Unmet needs of people with severe multiple sclerosis and their carers: qualitative findings for a home-based intervention

Collaborators, Affiliations

Unmet needs of people with severe multiple sclerosis and their carers: qualitative findings for a home-based intervention

Claudia Borreani et al. PLoS One. .

Abstract

Background: Few data on services for people with severe multiple sclerosis (MS) are available. The Palliative Network for Severely Affected Adults with MS in Italy (PeNSAMI) developed a home palliative care program for MS patients and carers, preceded by a literature review and qualitative study (here reported).

Objective: To identify unmet needs of people with severe MS living at home by qualitative research involving key stakeholders, and theorize broad areas of intervention to meet those needs.

Method: Data were collected from: at least 10 personal interviews with adults with severe MS (primary/secondary progressive, EDSS≥8.0); three focus group meetings (FGs) of carers of people with severe MS; and two FGs of health professionals (HPs). Grounded theory guided the analysis of interview and FG transcripts, from which the areas of intervention were theorized.

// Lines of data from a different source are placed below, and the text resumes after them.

lemma wt_padd:
  assumes "finite (psupp A)" "finite (psupp B)"
  shows "wt (padd A B) = wt A + wt B"
proof -
  let ?S = "psupp A \<union> psupp B"
  have "wt (padd A B) = (\<Sum>i\<in>?S. i * padd A B i)"
    using assms by (simp add: wt_eq_sum psupp_padd)
  also have "\<dots> = (\<Sum>i\<in>?S. i * A i + i * B i)"
    by (simp add: padd_def distrib_left)
  also have "\<dots> = wt A + wt B"
    using assms by (simp add: wt_eq_sum[of ?S] sum.distrib)
  finally show ?thesis .
qed

lemma mdeg_padd:
  assumes "finite (psupp A)" "finite (psupp B)"
  shows "mdeg (padd A B) = mdeg A + mdeg B"
proof -
  let ?S = "psupp A \<union> psupp B"
  have "mdeg (padd A B) = (\<Sum>i\<in>?S. padd A B i)"
    using assms by (simp add: mdeg_eq_sum psupp_padd)
  then show ?thesis
    using assms by (simp add: mdeg_eq_sum[of ?S] padd_def sum.distrib)
qed

lemma psupp_var_pow: "psupp (var_pow q r) \<subseteq> {q}"
  by (auto simp: psupp_def var_pow_def)

lemma wt_var_pow: "wt (var_pow q r) = q * r"
  using wt_eq_sum[OF _ psupp_var_pow] by (simp add: var_pow_def)

lemma mdeg_var_pow: "mdeg (var_pow q r) = r"
  using mdeg_eq_sum[OF _ psupp_var_pow] by (simp add: var_pow_def)

lemma padd_decr_var_pow: "0 < L a \<Longrightarrow> padd (L(a := L a - 1)) (var_pow a 1) = L"
  by (auto simp: padd_def var_pow_def)

lemma
  assumes "finite (psupp L)" and "0 < L a"
  shows wt_decr: "wt (L(a := L a - 1)) + a = wt L"
    and mdeg_decr: "mdeg (L(a := L a - 1)) + 1 = mdeg L"
proof -
  have fin: "finite (psupp (L(a := L a - 1)))"
    using assms(1) by (rule finite_subset[rotated]) (auto simp: psupp_def)
  have fin': "finite (psupp (var_pow a 1))" using psupp_var_pow finite_subset by blast
  have L: "padd (L(a := L a - 1)) (var_pow a 1) = L" by (rule padd_decr_var_pow) (rule assms(2))
  show "wt (L(a := L a - 1)) + a = wt L"
    using wt_padd[OF fin fin'] unfolding L wt_var_pow by simp
  show "mdeg (L(a := L a - 1)) + 1 = mdeg L"
    using mdeg_padd[OF fin fin'] unfolding L mdeg_var_pow by simp
qed

lemma mdeg_le_wt:
  assumes "L \<in> Part q"
  shows "mdeg L \<le> wt L"
  unfolding mdeg_def wt_def
proof (rule sum_mono)
  fix i assume "i \<in> psupp L"
  then have "1 \<le> i" using psupp_Part[OF assms] by auto
  then show "L i \<le> i * L i" by simp
qed

lemma wt_le_mult_mdeg:
  assumes "L \<in> Part q"
  shows "wt L \<le> q * mdeg L"
  unfolding mdeg_def wt_def sum_distrib_left
proof (rule sum_mono)
  fix i assume "i \<in> psupp L"
  then have "i \<le> q" using psupp_Part[OF assms] by auto
  then show "i * L i \<le> q * L i" by simp
qed

lemma WD_nonneg:
  assumes "b \<in> basisB n"
  shows "0 \<le> WD n b"
proof -
  obtain L k where b: "b = (L, k)" "1 \<le> k" "k \<le> n" "L \<in> Part (k - 1)"
    using assms by (auto simp: basisB_def)
  then show ?thesis using mdeg_le_wt[OF b(4)] by (simp add: WD_def)
qed

lemma WD_add_mdeg_le:
  assumes "b \<in> basisB n" and "mdeg (fst b) \<le> 1"
  shows "WD n b + int (mdeg (fst b)) \<le> int n - 1"
proof -
  obtain L k where b: "b = (L, k)" "1 \<le> k" "k \<le> n" "L \<in> Part (k - 1)"
    using assms by (auto simp: basisB_def)
  have "wt L \<le> (k - 1) * mdeg L" by (rule wt_le_mult_mdeg[OF b(4)])
  also have "\<dots> \<le> k - 1" using assms(2) b(1) by simp
  finally show ?thesis using b by (simp add: WD_def)
qed

definition bracket_graded :: "nat \<Rightarrow> bas \<Rightarrow> bas \<Rightarrow> bas \<Rightarrow> bool" where
  "bracket_graded n b c x \<longleftrightarrow> x \<in> basisB n \<and> WD n x = WD n b + WD n c - (int n - 1) \<and>
     mdeg (fst x) + 1 = mdeg (fst b) + mdeg (fst c)"

lemma bracket_graded_commute: "bracket_graded n b c x \<longleftrightarrow> bracket_graded n c b x"
  by (auto simp: bracket_graded_def)

lemma bracket_graded_derivation:
  assumes D: "(D, k) \<in> basisB n" and U: "(U, j) \<in> basisB n" and "j < k" and "0 < D j"
  shows "bracket_graded n (D, k) (U, j) (padd (D(j := D j - 1)) U, k)"
proof -
  let ?D' = "D(j := D j - 1)"
  have DP: "D \<in> Part (k - 1)" and k: "1 \<le> k" "k \<le> n" using D by (auto simp: basisB_def)
  have UP: "U \<in> Part (k - 1)"
    using U \<open>j < k\<close> Part_mono[of "j - 1" "k - 1" U] by (simp add: basisB_def)
  have D'P: "?D' \<in> Part (k - 1)" using DP by (rule decr_Part)
  note fin = finite_psupp_Part[OF D'P] finite_psupp_Part[OF UP]
  have "(padd ?D' U, k) \<in> basisB n" using padd_Part[OF D'P UP] k by (simp add: basisB_def)
  moreover have "wt (padd ?D' U) + j = wt D + wt U"
    using wt_padd[OF fin] wt_decr[OF finite_psupp_Part[OF DP] \<open>0 < D j\<close>] by simp
  moreover have "mdeg (padd ?D' U) + 1 = mdeg D + mdeg U"
    using mdeg_padd[OF fin] mdeg_decr[OF finite_psupp_Part[OF DP] \<open>0 < D j\<close>] by simp
  ultimately show ?thesis by (auto simp: bracket_graded_def WD_def)
qed

lemma vsupp_smult_unitv: "vsupp (\<lambda>d. a * unitv x d) = (if a = 0 then {} else {x})"
  by (auto simp: vsupp_def unitv_def)

lemma vsupp_uminus: "vsupp (\<lambda>d. - f d) = vsupp f"
  by (simp add: vsupp_def)

lemma brb_less:
  "j < k \<Longrightarrow> brb (L, k) (T, j) = (\<lambda>d. int (L j) * unitv (padd (L(j := L j - 1)) T, k) d)"
  by (simp add: brb_def)

lemma brb_greater:
  "k < j \<Longrightarrow> brb (L, k) (T, j) = (\<lambda>d. - int (T k) * unitv (padd L (T(k := T k - 1)), j) d)"
  by (simp add: brb_def)

lemma brb_same: "brb (L, k) (T, k) = (\<lambda>d. 0)"
  by (simp add: brb_def)

lemma vsupp_brb_subset_singleton: "\<exists>x. vsupp (brb b c) \<subseteq> {x}"
proof -
  obtain L k T j where bc: "b = (L, k)" "c = (T, j)" by fastforce
  consider "j < k" | "k < j" | "j = k" by linarith
  then show ?thesis
    by cases (simp_all add: bc brb_less brb_greater brb_same vsupp_uminus vsupp_smult_unitv vsupp_def)
qed

lemma finite_vsupp_brb: "finite (vsupp (brb b c))"
  using vsupp_brb_subset_singleton finite_subset by blast

lemma vsupp_brb_graded:
  assumes b: "b \<in> basisB n" and c: "c \<in> basisB n" and x: "x \<in> vsupp (brb b c)"
  shows "bracket_graded n b c x"
proof -
  obtain L k T j where bc: "b = (L, k)" "c = (T, j)" by fastforce
  consider "j < k" | "k < j" | "j = k" by linarith
  then show ?thesis
  proof cases
    case 1
    then show ?thesis using bracket_graded_derivation[of L k n T j] b c x
      by (auto simp: bc brb_less vsupp_smult_unitv split: if_splits)
  next
    case 2
    then show ?thesis using bracket_graded_derivation[of T j n L k] b c x
      by (auto simp: bc brb_greater vsupp_uminus vsupp_smult_unitv padd_commute bracket_graded_commute
          split: if_splits)
  next
    case 3
    then show ?thesis using x by (simp add: bc brb_same vsupp_def)
  qed
qed

lemma vsupp_brb_less_nonempty: "j < k \<Longrightarrow> 0 < L j \<Longrightarrow> vsupp (brb (L, k) (T, j)) \<noteq> {}"
  by (simp add: brb_less vsupp_smult_unitv)

lemma vsupp_brb_greater_nonempty: "k < j \<Longrightarrow> 0 < T k \<Longrightarrow> vsupp (brb (L, k) (T, j)) \<noteq> {}"
  by (simp add: brb_greater vsupp_uminus vsupp_smult_unitv)

lemma vsupp_unitv: "vsupp (unitv b) = {b}"
  by (auto simp: vsupp_def unitv_def)

lemma lie_unitv_left: "lie (unitv b) m = (\<lambda>d. \<Sum>c\<in>vsupp m. m c * brb b c d)"
  unfolding lie_def vsupp_unitv by (simp add: unitv_def)

lemma lie_unitv_unitv: "lie (unitv b) (unitv c) = brb b c"
  unfolding lie_unitv_left vsupp_unitv by (simp add: unitv_def)

lemma vsupp_lie_unitv_left: "vsupp (lie (unitv b) m) \<subseteq> (\<Union>c\<in>vsupp m. vsupp (brb b c))"
proof
  fix d assume "d \<in> vsupp (lie (unitv b) m)"
  then have "(\<Sum>c\<in>vsupp m. m c * brb b c d) \<noteq> 0" by (simp add: vsupp_def lie_unitv_left)
  then obtain c where "c \<in> vsupp m" "m c * brb b c d \<noteq> 0"
    by (meson sum.not_neutral_contains_not_neutral)
  then have "c \<in> vsupp m" "d \<in> vsupp (brb b c)" by (simp_all add: vsupp_def)
  then show "d \<in> (\<Union>c\<in>vsupp m. vsupp (brb b c))" by blast
qed

lemma normalizerB_iff:
  "b \<in> normalizerB n S \<longleftrightarrow> b \<in> basisB n \<and> (\<forall>c\<in>S. vsupp (brb b c) \<subseteq> S)"
proof (intro iffI conjI ballI)
  fix c assume "b \<in> normalizerB n S" and "c \<in> S"
  then have "lie (unitv b) (unitv c) \<in> zspan S"
    by (simp add: normalizerB_def zspan_def vsupp_unitv)
  then show "vsupp (brb b c) \<subseteq> S" by (simp add: lie_unitv_unitv zspan_def)
next
  assume b: "b \<in> basisB n \<and> (\<forall>c\<in>S. vsupp (brb b c) \<subseteq> S)"
  have "lie (unitv b) m \<in> zspan S" if "m \<in> zspan S" for m
  proof -
    have "finite (\<Union>c\<in>vsupp m. vsupp (brb b c))"
      using that by (simp add: zspan_def finite_vsupp_brb)
    moreover have "(\<Union>c\<in>vsupp m. vsupp (brb b c)) \<subseteq> S"
      using that b by (auto simp: zspan_def)
    ultimately show ?thesis
      using vsupp_lie_unitv_left[of b m] by (auto simp: zspan_def intro: finite_subset)
  qed
  then show "b \<in> normalizerB n S" using b by (simp add: normalizerB_def)
qed (simp add: normalizerB_def)

lemma lev_mono:
  assumes "2 \<le> n" and "b \<in> basisB n" and "i \<le> i'"
  shows "lev n i b \<le> lev n i' b"
proof -
  have "hh n i * WD n b \<le> hh n i' * WD n b"
    using assms by (intro mult_right_mono hh_mono WD_nonneg)
  then show ?thesis by (simp add: lev_def)
qed

lemma lev_graded:
  assumes "bracket_graded n b c x"
  shows "lev n i x = lev n i b + lev n i c - hh n i * (int n - 1)"
proof -
  have W: "WD n x = WD n b + WD n c - (int n - 1)"
    and D: "int (mdeg (fst x)) = int (mdeg (fst b)) + int (mdeg (fst c)) - 1"
    using assms by (simp_all add: bracket_graded_def flip: of_nat_add)
  show ?thesis unfolding lev_def W D by (simp add: algebra_simps)
qed

lemma lev_less_hh_mult:
  assumes n: "3 \<le> n" and b: "b \<in> basisB n"
    and i: "-1 \<le> i" "lev n i b \<le> i" and "i < i'"
  shows "lev n i' b < hh n i' * (int n - 1)"
proof -
  define m W D where "m = int n - 1" and "W = WD n b" and "D = int (mdeg (fst b))"
  define h h' where "h = hh n i" and "h' = hh n i'"
  have lev: "lev n k b = hh n k * W + D - 1" for k by (simp add: lev_def W_def D_def)
  have "h \<le> h'" using hh_mono[of n i i'] n \<open>i < i'\<close> by (simp add: h_def h'_def)
  show ?thesis
  proof (cases "h = h'")
    case True
    then have "lev n i' b = lev n i b" by (simp add: lev h_def h'_def)
    then show ?thesis using i \<open>i < i'\<close> le_hh_mult[of n i'] n by simp
  next
    case False
    have "i \<le> h * m" using le_hh_mult[of n i] n by (simp add: h_def m_def)
    then have excess: "h * (W - m) + D - 1 \<le> 0"
      using i(2) by (simp add: lev h_def algebra_simps)
    have "h' * (W - m) + D - 1 < 0"
    proof (cases "W < m")
      case True
      have "1 * 1 \<le> (h' - h) * (m - W)"
        using \<open>h \<le> h'\<close> False True by (intro mult_mono) auto
      then show ?thesis using excess by (simp add: algebra_simps)
    next
      case False
      have "0 \<le> h * (W - m)" using hh_nonneg[OF n i(1)] False by (simp add: h_def)
      then have "mdeg (fst b) \<le> 1" using excess by (simp add: D_def)
      then have "W + D \<le> m"
        using WD_add_mdeg_le[OF b] by (simp add: W_def D_def m_def)
      then have "W = m" "D = 0" using False by (simp_all add: D_def)
      then show ?thesis by simp
    qed
    then show ?thesis by (simp add: lev h'_def m_def algebra_simps)
  qed
qed

lemma lev_le_hh_mult:
  assumes "3 \<le> n" and "b \<in> basisB n" and "-1 \<le> i" "lev n i b \<le> i" and "i \<le> i'"
  shows "lev n i' b \<le> hh n i' * (int n - 1)"
proof (cases "i = i'")
  case True
  then show ?thesis using assms le_hh_mult[of n i] by simp
next
  case False
  then show ?thesis using assms lev_less_hh_mult[of n b i i'] by simp
qed

lemma NN_bracket_closed:
  assumes n: "3 \<le> n" and "b \<in> NN n j" and "c \<in> NN n (j - 1)" and x: "bracket_graded n b c x"
  shows "x \<in> NN n (j - 1)"
proof -
  obtain j1 where b: "b \<in> basisB n" and j1: "-1 \<le> j1" "j1 \<le> j" "lev n j1 b \<le> j1"
    using assms(2) by (auto simp: NN_def)
  obtain j2 where c: "c \<in> basisB n" and j2: "-1 \<le> j2" "j2 \<le> j - 1" "lev n j2 c \<le> j2"
    using assms(3) by (auto simp: NN_def)
  have xB: "x \<in> basisB n" using x by (simp add: bracket_graded_def)
  consider "j1 \<le> j2" | "j2 < j1" by linarith
  then show ?thesis
  proof cases
    case 1
    have "lev n j2 x \<le> j2"
      using lev_graded[OF x, of j2] lev_le_hh_mult[OF n b j1(1,3) 1] j2(3) by linarith
    then show ?thesis using xB j2 by (auto simp: NN_def)
  next
    case 2
    have "lev n (j1 - 1) x \<le> lev n j1 x" using lev_mono[OF _ xB] n by simp
    also have "\<dots> \<le> j1 - 1"
      using lev_graded[OF x, of j1] lev_less_hh_mult[OF n c j2(1,3) 2] j1(3) by linarith
    finally show ?thesis using xB j1 j2 2 by (auto simp: NN_def intro!: exI[of _ "j1 - 1"])
  qed
qed

lemma WD_zero_partition: "WD n ((\<lambda>_. 0), a) = int n - int a"
  by (simp add: WD_def wt_def mdeg_def psupp_def)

Results: Between October 2012 and May 2013, 22 MS patients, 30 carers and 18 HPs participated. Forty-eight needs themes were identified, grouped into 14 categories and four domains. Seven, highly interdependent intervention areas were theorized. Patients had difficulties expressing needs; experiences of burden and loneliness were prominent, chiefly in dysfunctional, less affluent families, and among parent carers. Needs differed across Italy with requirements for information and access to services highest in the South. All participants voiced a strong need for qualified personnel and care coordination in day-to-day home care. Personal hygiene emerged as crucial, as did the need for a supportive network and preservation of patient/carer roles within family and community.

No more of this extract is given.